The Impact of Social Determinants on Cardiovascular Mortality: A Zip Code-Level Analysis in Indiana.
Journal:
Studies in health technology and informatics
Published Date:
Aug 7, 2025
Abstract
Cardiovascular disease (CVD) is the leading cause of death globally and is expected to become the top global cause of death by 2030. Although the role of social determinants of health (SDoH) in CVD outcomes is well-established, integrating these factors into predictive health informatics models remains limited. This study presents a scalable geospatial framework for predicting CVD mortality at the zip-code level in Indiana, using data from 2015 to 2022. We integrated diverse data sources, including the U.S. Census Bureau, OpenStreetMap (via the Overpass API), Zillow, and the Indiana Department of Health, covering 773 zip codes.
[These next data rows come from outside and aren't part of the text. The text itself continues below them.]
lemma unitary_oracle_perm: "q \<le> l \<Longrightarrow> unitary (K * 2 ^ l) (oracle_perm K l q)"
  unfolding oracle_perm_def
  using swap_digits(3) inj_on_swap_digits two_power_eq_mult_div
  by (intro unitary_perm_mat) blast+

lemma qgate_uncontrolled_carrier_mat:
  assumes "Or \<in> carrier_mat (2 ^ q) (2 ^ q)" "2 ^ q dvd D" "\<not> snd f"
  shows "qgate D q Or f \<in> carrier_mat D D"
proof -
  have "kron (if fst f then adj Or else Or) (1\<^sub>m (D div 2 ^ q)) \<in> carrier_mat (2 ^ q * (D div 2 ^ q)) (2 ^ q * (D div 2 ^ q))"
    using assms(1) by (intro kron_carrier_mat) auto
  then show ?thesis
    using assms(2,3) by (simp add: qgate_def)
qed

lemma qgate_eq_conj_oracle_perm:
  assumes ql: "q \<le> l" and Or: "Or \<in> carrier_mat (2 ^ q) (2 ^ q)"
  shows "qgate (K * 2 ^ l) q Or (b, False)
    = oracle_perm K l q * block_diag K (2 ^ l) (\<lambda>_. oracle_op l q Or b) * adj (oracle_perm K l q)"
proof -
  let ?P = "oracle_perm K l q" and ?h = "2 ^ l div 2 ^ q :: nat"
  have L: "2 ^ l = 2 ^ q * ?h"
    by (rule two_power_eq_mult_div[OF ql])
  have "K * 2 ^ l div 2 ^ q = K * ?h"
    by (subst L) simp
  then have "adj ?P * qgate (K * 2 ^ l) q Or (b, False) * ?P = block_diag K (2 ^ l) (\<lambda>_. oracle_op l q Or b)"
    using kron_conj_swap_digits[OF _ L, of "if b then adj Or else Or" K] Or
    by (simp add: oracle_perm_def qgate_def oracle_op_def)
  moreover have "qgate (K * 2 ^ l) q Or (b, False) \<in> carrier_mat (K * 2 ^ l) (K * 2 ^ l)"
    using le_imp_power_dvd[OF ql] by (intro qgate_uncontrolled_carrier_mat[OF Or] dvd_mult) simp_all
  ultimately show ?thesis
    using unitary_conj_cancel[OF unitary_adj[OF unitary_oracle_perm[OF ql]]] by fastforce
qed

subsection \<open>Words of fixed gates and oracle queries\<close>

text \<open>\<open>Query b\<close> stands for the oracle gate, or its adjoint if \<open>b\<close> holds. A word denotes the
  product of its gates from left to right, so its last gate acts first.\<close>

datatype 'a gate = Fixed 'a | Query bool

fun eval_word :: "('a gate \<Rightarrow> complex mat) \<Rightarrow> nat \<Rightarrow> 'a gate list \<Rightarrow> complex mat" where
  "eval_word f n [] = 1\<^sub>m n"
| "eval_word f n (g # ws) = f g * eval_word f n ws"

fun num_queries :: "'a gate list \<Rightarrow> nat" where
  "num_queries [] = 0"
| "num_queries (Fixed a # ws) = num_queries ws"
| "num_queries (Query b # ws) = Suc (num_queries ws)"

lemma num_queries_append [simp]: "num_queries (xs @ ys) = num_queries xs + num_queries ys"
  by (induction xs rule: num_queries.induct) auto

lemma num_queries_map_gate [simp]: "num_queries (map (map_gate f) ws) = num_queries ws"
  by (induction ws rule: num_queries.induct) auto

lemma eval_word_carrier_mat:
  "list_all (\<lambda>g. f g \<in> carrier_mat n n) ws \<Longrightarrow> eval_word f n ws \<in> carrier_mat n n"
  by (induction ws) auto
Our data preprocessing involved spatial normalization, robust scaling, and population-adjusted feature engineering to align socioeconomic, environmental, and healthcare infrastructure indicators. We tested several machine learning models, including Random Forest, XGBoost, and FastAI Tabular, with XGBoost delivering the best results (R2 = 0.9863; MAE = 2.29). To improve model interpretability, we used SHAP analysis, which identified education, race, income, and healthcare access as the most significant SDoH predictors of CVD mortality. This study contributes to health informatics by presenting a replicable pipeline for localized SDoH-based mortality prediction. It highlights the importance of integrating geospatial and SDoH data in predictive models and emphasizes the potential of informatics to address health disparities and guide targeted public health interventions at the community level.